In its opening appellate brief CoTemp asserts in a sub-issue that there is no evidence proving an underlying tort by Bob Robertson against Houston West. Because CoTemp provides no analysis, citations to the record, or legal authorities, CoTemp has waived this issue. See Tex.R.App. P. 38.1(h); San Saba Energy, L.P. v. Crawford, 171 S.W.3d 323, 338 (Tex.App.-Houston [14 Dist.] 2005, no pet.) (holding that, even though courts interpret briefing requirements reasonably and liberally, parties asserting error on appeal still must put forth some specific argument and analysis citing the record and authorities in support of the parties' argument). Even if there were no briefing waiver of this argument, this court still should overrule this sub-issue because, under the applicable legal standard, there is legally sufficient evidence to support the jury's finding in question 5 that Robertson committed fraud against Houston West.
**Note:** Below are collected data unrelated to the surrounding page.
(* Fix integers $m\ge 1$ and $n\ge 0$. Let $a=\{a_1,\dots,a_m\}$ and $a'=\{a'_1,\dots,a'_m\}$ be two sets of $m$ positive integers, all different from $1$, each of which is multiplicatively independent. Then $\chi_{\mathcal{A}_n(a)}(t)=\chi_{\mathcal{A}_n(a')}(t)$. That is, the characteristic polynomial of $\mathcal{A}_n(a)$ depends only on $m$ and $n$, as long as the $a_i$ are multiplicatively independent.
   Context: A set $\{a_1,\dots,a_m\}$ of positive rational numbers is multiplicatively independent if $a_1^{i_1}\cdots a_m^{i_m}=1$ with integers $i_1,\dots,i_m$ implies $i_1=\dots=i_m=0$. For a set $a=\{a_1,\dots,a_m\}$ of positive rational numbers different from $1$ and $n\ge 1$, $\mathcal{A}_n(a)$ denotes the hyperplane arrangement in $\mathbb{R}^n$ consisting of the hyperplanes $x_i=0$ ($1\le i\le n$), $x_i=x_j$ ($1\le i<j\le n$), and $x_i=a_rx_j$ ($1\le i\neq j\le n$, $1\le r\le m$); $\mathcal{A}_0(a)$ is the empty arrangement in $\mathbb{R}^0$, with characteristic polynomial $1$. For a finite arrangement $\mathcal{A}$ of affine hyperplanes in $\mathbb{R}^n$, the characteristic polynomial is $\chi_{\mathcal{A}}(t)=\sum_{\mathcal{B}}(-1)^{\#\mathcal{B}}t^{n-\operatorname{rank}(\mathcal{B})}$, the sum over subsets $\mathcal{B}\subseteq\mathcal{A}$ whose hyperplanes have nonempty common intersection, where $\operatorname{rank}(\mathcal{B})$ is the dimension of the span of the normal vectors of the hyperplanes in $\mathcal{B}$ (equivalently $\sum_{x\in L(\mathcal{A})}\mu(\hat 0,x)t^{\dim x}$ over the intersection poset). *)

theory Defs
  imports Complex_Main "HOL-Computational_Algebra.Polynomial"
begin

text \<open>Points of R^n are modelled as functions nat => real vanishing outside {..<n}.\<close>
definition Rn :: "nat \<Rightarrow> (nat \<Rightarrow> real) set" where
  "Rn n = {x. \<forall>i\<ge>n. x i = 0}"

definition hyperplane :: "nat \<Rightarrow> (nat \<Rightarrow> real) \<Rightarrow> real \<Rightarrow> (nat \<Rightarrow> real) set" where
  "hyperplane n c b = {x \<in> Rn n. (\<Sum>i<n. c i * x i) = b}"

text \<open>Normal vectors of a set B of hyperplanes (all nonzero scalings included; the span is the same).\<close>
definition normals :: "nat \<Rightarrow> (nat \<Rightarrow> real) set set \<Rightarrow> (nat \<Rightarrow> real) set" where
  "normals n B = {c \<in> Rn n. (\<exists>i<n. c i \<noteq> 0) \<and> (\<exists>b. hyperplane n c b \<in> B)}"

definition lin_indep :: "nat \<Rightarrow> (nat \<Rightarrow> real) set \<Rightarrow> bool" where
  "lin_indep n T \<longleftrightarrow> finite T \<and>
     (\<forall>u :: (nat \<Rightarrow> real) \<Rightarrow> real. (\<forall>i<n. (\<Sum>v\<in>T. u v * v i) = 0) \<longrightarrow> (\<forall>v\<in>T. u v = 0))"

text \<open>rank = dimension of the span of the normal vectors = maximal size of an independent subset.\<close>
definition rank :: "nat \<Rightarrow> (nat \<Rightarrow> real) set set \<Rightarrow> nat" where
  "rank n B = Max {card T | T. T \<subseteq> normals n B \<and> lin_indep n T}"

definition char_poly :: "nat \<Rightarrow> (nat \<Rightarrow> real) set set \<Rightarrow> real poly" where
  "char_poly n A = (\<Sum>B\<in>{B. B \<subseteq> A \<and> Rn n \<inter> \<Inter>B \<noteq> {}}.
      (-1) ^ card B * monom 1 (n - rank n B))"

definition unitv :: "nat \<Rightarrow> nat \<Rightarrow> real" where
  "unitv i = (\<lambda>k. if k = i then 1 else 0)"

definition arr :: "nat \<Rightarrow> real set \<Rightarrow> (nat \<Rightarrow> real) set set" where
  "arr n a =
     {hyperplane n (unitv i) 0 | i. i < n}
   \<union> {hyperplane n (\<lambda>k. unitv i k - unitv j k) 0 | i j. i < j \<and> j < n}
   \<union> {hyperplane n (\<lambda>k. unitv i k - r * unitv j k) 0 | i j r. i < n \<and> j < n \<and> i \<noteq> j \<and> r \<in> a}"

definition mult_indep :: "real set \<Rightarrow> bool" where
  "mult_indep S \<longleftrightarrow> (\<forall>e :: real \<Rightarrow> int. (\<Prod>r\<in>S. r powi e r) = 1 \<longrightarrow> (\<forall>r\<in>S. e r = 0))"

end

theory Submission
  imports Defs
begin

text \<open>All hyperplanes of the arrangement pass through the origin, so its characteristic
  polynomial is a sum over all subarrangements; indexing hyperplanes by the equations
  x_i = r x_j (r \<in> {0, 1} \<union> a), a bijection s : a \<rightarrow> a' fixing 0 and 1 reindexes this sum, and
  it suffices that it preserves ranks.  The rank of a set of such equations is the largest
  size of a separated subset S, in which every equation fails at some point satisfying the
  rest of S.  Separating points can be transported: as a is multiplicatively independent, every
  nonzero real is uniquely rho * prod r^(e_r) with rho a fixed representative of its coset
  modulo the group generated by a, and replacing each r by s(r) yields a map psi with
  psi(r t) = s(r) psi(t).  Applied coordinatewise, psi sends solutions of x_i = r x_j to
  solutions of x_i = s(r) x_j, and after doubling psi on one coset it keeps the one
  distinguished equation violated.  Independence of a' gives the inverse transport.\<close>

section \<open>Linear algebra in R^n\<close>

definition dot :: "nat \<Rightarrow> (nat \<Rightarrow> real) \<Rightarrow> (nat \<Rightarrow> real) \<Rightarrow> real" where
  "dot n c x = (\<Sum>k<n. c k * x k)"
Did CoTemp preserve error as to its argument that Houston West can recover only damages for physical injuries under its negligent-retention claim?
In its opening brief, CoTemp also asserts that Houston West may recover only damages for physical injuries under its negligent-retention claim. However, before this court could reverse the trial court's judgment based on this complaint, CoTemp must have presented it to the trial court and obtained an adverse ruling. See GTE Mobilnet of S. Tex. v. Pascouet, 61 S.W.3d 599, 612, 620 (Tex.App.-Houston [14th Dist.] 2001, pet. denied). The appellate record shows that CoTemp never voiced this complaint in the trial court; therefore, it failed to preserve error.1 See Tex.R.App. P. 33.1(a); Pascouet, 61 S.W.3d at 612, 620.
For these reasons, the trial court's judgment should be affirmed.2
1. Robertson, in his capacity as a CoTemp employee, had previously performed an air conditioning installation job at Ruth's home.
2. Although the record is silent as to the cause of action upon which Houston West elected to recover, counsel indicated, during oral argument, that Houston West had elected to recover damages on its negligent retention claim. CoTemp did not object to the form of jury instructions and Question No. 11; accordingly, our disposition is necessarily based on legal and factual sufficiency of the evidence to support the jury's answer to the question as propounded. See Osterberg v. Peca, 12 S.W.3d 31, 55 (Tex.2000). However, in order to fully explain this court's reasoning, the Plurality's discussion incorporates all elements of a cause of action for negligent retention.
3. Robertson committed suicide before trial. Upon Houston West's motion, the trial court appointed an attorney ad litem to represent the interests of Robertson's unknown heirs.
4. We note that the tort of negligent hiring, supervision, or retention is distinct from the doctrine of respondeat superior under which an employer may be held vicariously liable when the negligence of its employee, acting in the scope of his employment, is the proximate cause of another's injury. See DeWitt v. Harris County, 904 S.W.2d 650, 654 (Tex.1995). By contrast, a claim of negligent retention is based on an employer's direct negligence rather than the employer's vicarious liability for the torts of its employees. Verinakis, 987 S.W.2d at 97; Doe v. Boys Clubs of Greater Dallas, Inc., 868 S.W.2d 942, 950 (Tex.App.-Amarillo 1994), aff'd, 907 S.W.2d 472 (Tex.1995).
5. As previously noted, the parties' counsel stated during oral argument that Houston West had elected to recover on its negligent retention claim rather than on its breach of contract or fraud claims.
1. CoTemp did assert in its motion for judgment notwithstanding the verdict that “[t]here is no precedent in Texas for the application of the negligent retention doctrine to a case in which damages allegedly resulted from a failure to perform a contractual promise.” However, this complaint does not encompass the assertion that Houston West may not recover for nonphysical injuries and it is not the same complaint as the appellate complaint before this court.
2. The plurality correctly finds briefing waiver as to CoTemp's fourth issue.
CHARLES W. SEYMORE, Justice.
EDELMAN, J. Concurs, in result only, without opinion. FROST, J., Concurring with Opinion.